Please repeat every entry, keeping each one exactly the same.

*** Data shown ***

lemma distortion_alt_reversed_ge_power:
  assumes "2 \<le> m" "0 \<le> \<alpha>" "\<alpha> < \<mu>" "\<mu> < 1" "z < m"
  shows "ereal ((3 - \<mu> ^ (m div 2)) / (1 + \<mu> ^ (m div 2)))
           \<le> distortion_alt \<alpha> m 2 (reversed_profile m) (\<lambda>_ _. False) z"
proof -
  define k where "k = m div 2"
  define u where "u = \<mu> ^ k"
  \<comment> \<open>chosen so that \<open>t / \<mu>\<^sup>k = t + 2\<close>: the cap is reached exactly at position \<open>k\<close>\<close>
  define t where "t = 2 * u / (1 - u)"
  define g where "g = capped_geometric t (t + 2) \<mu>"
  define F :: nat where "F = (if k \<le> z then 0 else 1)"
  define \<sigma> where "\<sigma> = reversed_profile m F"
  define d where "d = linf_dist (two_agent_embedding F t (g \<circ> \<sigma>))"
  have \<mu>: "0 < \<mu>" "\<mu> < 1" using assms(2-4) by auto
  have u: "0 < u" "u < 1"
    using \<mu> assms(1) unfolding u_def k_def by (auto simp: power_less_one_iff)
  have t: "0 < t" "t \<le> t + 2"
    using u unfolding t_def by auto
  note g_bounds = capped_geometric_bounds[OF t \<mu>, folded g_def]
  have "alpha_consistent \<alpha> m 2 (reversed_profile m) (\<lambda>_ _. False) d"
    unfolding d_def \<sigma>_def g_def using t g_bounds assms(3,4)
    by (intro alpha_consistent_two_agent_embedding capped_geometric_Suc_ge capped_geometric_Suc_less
        \<mu> assms(2)) (auto simp: g_def)
  moreover have "ereal ((3 - u) / (1 + u)) \<le> cost_ratio m 2 d z"
  proof -
    have cost: "social_cost 2 d a = g (\<sigma> a) + 1" for a
      using t g_bounds[of "\<sigma> a"] unfolding d_def
      by (subst social_cost_two_agent_embedding) (auto simp: F_def)
    define w where "w = \<sigma> 0"
    have "w < m" "\<sigma> w = 0"
      using assms(1) by (simp_all add: w_def \<sigma>_def reversed_profile_involutive reversed_profile_less)
    then have cost_w: "social_cost 2 d w = t + 1"
      using capped_geometric_0[OF t \<mu>] by (simp add: cost g_def)
    have "k \<le> \<sigma> z"
      using assms(1,5) unfolding \<sigma>_def F_def reversed_profile_def k_def by auto
    then have "\<mu> ^ \<sigma> z \<le> u"
      using \<mu> unfolding u_def by (intro power_decreasing) auto
    moreover have "t / u = t + 2"
      using u unfolding t_def by (simp add: field_simps)
    ultimately have "t + 2 \<le> t / \<mu> ^ \<sigma> z"
      using t \<mu> u by (metis divide_left_mono less_imp_le mult_pos_pos zero_less_power)
    then have cost_z: "social_cost 2 d z = t + 3"
      by (simp add: cost g_def capped_geometric_def)
    have "t + 3 = (3 - u) / (1 - u)" "t + 1 = (1 + u) / (1 - u)"
      using u unfolding t_def by (simp_all add: field_simps)
    then have "(t + 3) / (t + 1) = (3 - u) / (1 + u)"
      using u by simp
    moreover have "social_cost 2 d a > 0" for a
      using g_bounds(1)[of "\<sigma> a"] t by (simp add: cost)
    ultimately show ?thesis
      using cost_ratio_ge_divide[of m 2 d w z] cost_w cost_z \<open>w < m\<close> assms(5) by simp
  qed
  ultimately show ?thesis
    unfolding u_def k_def d_def
    using cost_ratio_le_distortion_alt[OF is_metric_on_linf_dist] order_trans by blast
qed

text \<open>Ordinary preferences demand \<open>d(i, \<pi>\<^sub>i(j)) > \<alpha> d(i, \<pi>\<^sub>i(j+1))\<close> strictly, so the growth
factor \<open>1/\<alpha>\<close> itself is not admissible and the bound is only approached as \<open>\<mu> \<rightarrow> \<alpha>\<close>.\<close>

lemma distortion_alt_reversed_ge:
  assumes "2 \<le> m" "0 \<le> \<alpha>" "\<alpha> < 1" "z < m"
  shows "ereal ((3 - \<alpha> ^ (m div 2)) / (1 + \<alpha> ^ (m div 2)))
           \<le> distortion_alt \<alpha> m 2 (reversed_profile m) (\<lambda>_ _. False) z"
proof (rule tendsto_upperbound)
  let ?k = "m div 2"
  have "((\<lambda>\<mu>. (3 - \<mu> ^ ?k) / (1 + \<mu> ^ ?k)) \<longlongrightarrow> (3 - \<alpha> ^ ?k) / (1 + \<alpha> ^ ?k)) (at_right \<alpha>)"
    using assms(2) by (intro tendsto_intros) (auto simp: add_nonneg_eq_0_iff)
  then show "((\<lambda>\<mu>. ereal ((3 - \<mu> ^ ?k) / (1 + \<mu> ^ ?k)))
      \<longlongrightarrow> ereal ((3 - \<alpha> ^ ?k) / (1 + \<alpha> ^ ?k))) (at_right \<alpha>)"
    by (rule tendsto_ereal)
  show "\<forall>\<^sub>F \<mu> in at_right \<alpha>. ereal ((3 - \<mu> ^ ?k) / (1 + \<mu> ^ ?k))
      \<le> distortion_alt \<alpha> m 2 (reversed_profile m) (\<lambda>_ _. False) z"
    using eventually_at_right_real[OF assms(3)]
    by eventually_elim (use assms distortion_alt_reversed_ge_power in auto)
qed (simp add: trivial_limit_at_right_real)

lemma distortion_rule_ge_reversed:
  assumes "2 \<le> m" "0 \<le> \<alpha>" "\<alpha> < 1" and "voting_rule m f"
  shows "ereal ((3 - \<alpha> ^ (m div 2)) / (1 + \<alpha> ^ (m div 2))) \<le> distortion_rule \<alpha> m f"
proof -
  define z where "z = f 2 (reversed_profile m) (\<lambda>_ _. False)"
  have "z < m"
    using assms(4) valid_profile_reversed unfolding voting_rule_def z_def by auto
  with assms(1-3) have "ereal ((3 - \<alpha> ^ (m div 2)) / (1 + \<alpha> ^ (m div 2)))
      \<le> distortion_alt \<alpha> m 2 (reversed_profile m) (\<lambda>_ _. False) z"
    by (rule distortion_alt_reversed_ge)
  also have "\<dots> \<le> distortion_rule \<alpha> m f"
    unfolding z_def using valid_profile_reversed by (intro distortion_alt_le_distortion_rule) auto
  finally show ?thesis .
qed

theorem theorem1:
  fixes m :: nat and \<alpha> :: real
    and f :: "nat \<Rightarrow> ranking \<Rightarrow> intensity \<Rightarrow> nat"
  assumes "m \<ge> 2" and "0 \<le> \<alpha>" and "\<alpha> \<le> 1"
    and "voting_rule m f"
  shows "distortion_rule \<alpha> m f \<ge>
           ereal (1 + 2 * max \<alpha> ((1 - \<alpha> ^ (m div 2)) / (1 + \<alpha> ^ (m div 2))))"
proof (cases "\<alpha> \<le> (1 - \<alpha> ^ (m div 2)) / (1 + \<alpha> ^ (m div 2))")
  case True
  have "\<alpha> < 1"
    using True assms(3) by (cases "\<alpha> = 1") auto
  moreover have "1 + 2 * ((1 - \<alpha> ^ (m div 2)) / (1 + \<alpha> ^ (m div 2)))
      = (3 - \<alpha> ^ (m div 2)) / (1 + \<alpha> ^ (m div 2))"
    using assms(2) by (simp add: field_simps add_nonneg_eq_0_iff)
  ultimately show ?thesis
    using True assms distortion_rule_ge_reversed by (simp add: max_def)
next
  case False
  have "0 \<le> (1 - \<alpha> ^ (m div 2)) / (1 + \<alpha> ^ (m div 2))"
    using assms(2,3) by (simp add: power_le_one)
  then have "0 < \<alpha>" using False by linarith
  then show ?thesis
    using False assms distortion_rule_ge_swap_top by (simp add: max_def)
qed

end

*** End of Data shown ***

Result for this exercise:
lemma distortion_alt_reversed_ge_power:
  assumes "2 \<le> m" "0 \<le> \<alpha>" "\<alpha> < \<mu>" "\<mu> < 1" "z < m"
  shows "ereal ((3 - \<mu> ^ (m div 2)) / (1 + \<mu> ^ (m div 2)))
           \<le> distortion_alt \<alpha> m 2 (reversed_profile m) (\<lambda>_ _. False) z"
proof -
  define k where "k = m div 2"
  define u where "u = \<mu> ^ k"
  \<comment> \<open>chosen so that \<open>t / \<mu>\<^sup>k = t + 2\<close>: the cap is reached exactly at position \<open>k\<close>\<close>
  define t where "t = 2 * u / (1 - u)"
  define g where "g = capped_geometric t (t + 2) \<mu>"
  define F :: nat where "F = (if k \<le> z then 0 else 1)"
  define \<sigma> where "\<sigma> = reversed_profile m F"
  define d where "d = linf_dist (two_agent_embedding F t (g \<circ> \<sigma>))"
  have \<mu>: "0 < \<mu>" "\<mu> < 1" using assms(2-4) by auto
  have u: "0 < u" "u < 1"
    using \<mu> assms(1) unfolding u_def k_def by (auto simp: power_less_one_iff)
  have t: "0 < t" "t \<le> t + 2"
    using u unfolding t_def by auto
  note g_bounds = capped_geometric_bounds[OF t \<mu>, folded g_def]
  have "alpha_consistent \<alpha> m 2 (reversed_profile m) (\<lambda>_ _. False) d"
    unfolding d_def \<sigma>_def g_def using t g_bounds assms(3,4)
    by (intro alpha_consistent_two_agent_embedding capped_geometric_Suc_ge capped_geometric_Suc_less
        \<mu> assms(2)) (auto simp: g_def)
  moreover have "ereal ((3 - u) / (1 + u)) \<le> cost_ratio m 2 d z"
  proof -
    have cost: "social_cost 2 d a = g (\<sigma> a) + 1" for a
      using t g_bounds[of "\<sigma> a"] unfolding d_def
      by (subst social_cost_two_agent_embedding) (auto simp: F_def)
    define w where "w = \<sigma> 0"
    have "w < m" "\<sigma> w = 0"
      using assms(1) by (simp_all add: w_def \<sigma>_def reversed_profile_involutive reversed_profile_less)
    then have cost_w: "social_cost 2 d w = t + 1"
      using capped_geometric_0[OF t \<mu>] by (simp add: cost g_def)
    have "k \<le> \<sigma> z"
      using assms(1,5) unfolding \<sigma>_def F_def reversed_profile_def k_def by auto
    then have "\<mu> ^ \<sigma> z \<le> u"
      using \<mu> unfolding u_def by (intro power_decreasing) auto
    moreover have "t / u = t + 2"
      using u unfolding t_def by (simp add: field_simps)
    ultimately have "t + 2 \<le> t / \<mu> ^ \<sigma> z"
      using t \<mu> u by (metis divide_left_mono less_imp_le mult_pos_pos zero_less_power)
    then have cost_z: "social_cost 2 d z = t + 3"
      by (simp add: cost g_def capped_geometric_def)
    have "t + 3 = (3 - u) / (1 - u)" "t + 1 = (1 + u) / (1 - u)"
      using u unfolding t_def by (simp_all add: field_simps)
    then have "(t + 3) / (t + 1) = (3 - u) / (1 + u)"
      using u by simp
    moreover have "social_cost 2 d a > 0" for a
      using g_bounds(1)[of "\<sigma> a"] t by (simp add: cost)
    ultimately show ?thesis
      using cost_ratio_ge_divide[of m 2 d w z] cost_w cost_z \<open>w < m\<close> assms(5) by simp
  qed
  ultimately show ?thesis
    unfolding u_def k_def d_def
    using cost_ratio_le_distortion_alt[OF is_metric_on_linf_dist] order_trans by blast
qed

text \<open>Ordinary preferences demand \<open>d(i, \<pi>\<^sub>i(j)) > \<alpha> d(i, \<pi>\<^sub>i(j+1))\<close> strictly, so the growth
factor \<open>1/\<alpha>\<close> itself is not admissible and the bound is only approached as \<open>\<mu> \<rightarrow> \<alpha>\<close>.\<close>

lemma distortion_alt_reversed_ge:
  assumes "2 \<le> m" "0 \<le> \<alpha>" "\<alpha> < 1" "z < m"
  shows "ereal ((3 - \<alpha> ^ (m div 2)) / (1 + \<alpha> ^ (m div 2)))
           \<le> distortion_alt \<alpha> m 2 (reversed_profile m) (\<lambda>_ _. False) z"
proof (rule tendsto_upperbound)
  let ?k = "m div 2"
  have "((\<lambda>\<mu>. (3 - \<mu> ^ ?k) / (1 + \<mu> ^ ?k)) \<longlongrightarrow> (3 - \<alpha> ^ ?k) / (1 + \<alpha> ^ ?k)) (at_right \<alpha>)"
    using assms(2) by (intro tendsto_intros) (auto simp: add_nonneg_eq_0_iff)
  then show "((\<lambda>\<mu>. ereal ((3 - \<mu> ^ ?k) / (1 + \<mu> ^ ?k)))
      \<longlongrightarrow> ereal ((3 - \<alpha> ^ ?k) / (1 + \<alpha> ^ ?k))) (at_right \<alpha>)"
    by (rule tendsto_ereal)
  show "\<forall>\<^sub>F \<mu> in at_right \<alpha>. ereal ((3 - \<mu> ^ ?k) / (1 + \<mu> ^ ?k))
      \<le> distortion_alt \<alpha> m 2 (reversed_profile m) (\<lambda>_ _. False) z"
    using eventually_at_right_real[OF assms(3)]
    by eventually_elim (use assms distortion_alt_reversed_ge_power in auto)
qed (simp add: trivial_limit_at_right_real)

lemma distortion_rule_ge_reversed:
  assumes "2 \<le> m" "0 \<le> \<alpha>" "\<alpha> < 1" and "voting_rule m f"
  shows "ereal ((3 - \<alpha> ^ (m div 2)) / (1 + \<alpha> ^ (m div 2))) \<le> distortion_rule \<alpha> m f"
proof -
  define z where "z = f 2 (reversed_profile m) (\<lambda>_ _. False)"
  have "z < m"
    using assms(4) valid_profile_reversed unfolding voting_rule_def z_def by auto
  with assms(1-3) have "ereal ((3 - \<alpha> ^ (m div 2)) / (1 + \<alpha> ^ (m div 2)))
      \<le> distortion_alt \<alpha> m 2 (reversed_profile m) (\<lambda>_ _. False) z"
    by (rule distortion_alt_reversed_ge)
  also have "\<dots> \<le> distortion_rule \<alpha> m f"
    unfolding z_def using valid_profile_reversed by (intro distortion_alt_le_distortion_rule) auto
  finally show ?thesis .
qed

theorem theorem1:
  fixes m :: nat and \<alpha> :: real
    and f :: "nat \<Rightarrow> ranking \<Rightarrow> intensity \<Rightarrow> nat"
  assumes "m \<ge> 2" and "0 \<le> \<alpha>" and "\<alpha> \<le> 1"
    and "voting_rule m f"
  shows "distortion_rule \<alpha> m f \<ge>
           ereal (1 + 2 * max \<alpha> ((1 - \<alpha> ^ (m div 2)) / (1 + \<alpha> ^ (m div 2))))"
proof (cases "\<alpha> \<le> (1 - \<alpha> ^ (m div 2)) / (1 + \<alpha> ^ (m div 2))")
  case True
  have "\<alpha> < 1"
    using True assms(3) by (cases "\<alpha> = 1") auto
  moreover have "1 + 2 * ((1 - \<alpha> ^ (m div 2)) / (1 + \<alpha> ^ (m div 2)))
      = (3 - \<alpha> ^ (m div 2)) / (1 + \<alpha> ^ (m div 2))"
    using assms(2) by (simp add: field_simps add_nonneg_eq_0_iff)
  ultimately show ?thesis
    using True assms distortion_rule_ge_reversed by (simp add: max_def)
next
  case False
  have "0 \<le> (1 - \<alpha> ^ (m div 2)) / (1 + \<alpha> ^ (m div 2))"
    using assms(2,3) by (simp add: power_le_one)
  then have "0 < \<alpha>" using False by linarith
  then show ?thesis
    using False assms distortion_rule_ge_swap_top by (simp add: max_def)
qed

end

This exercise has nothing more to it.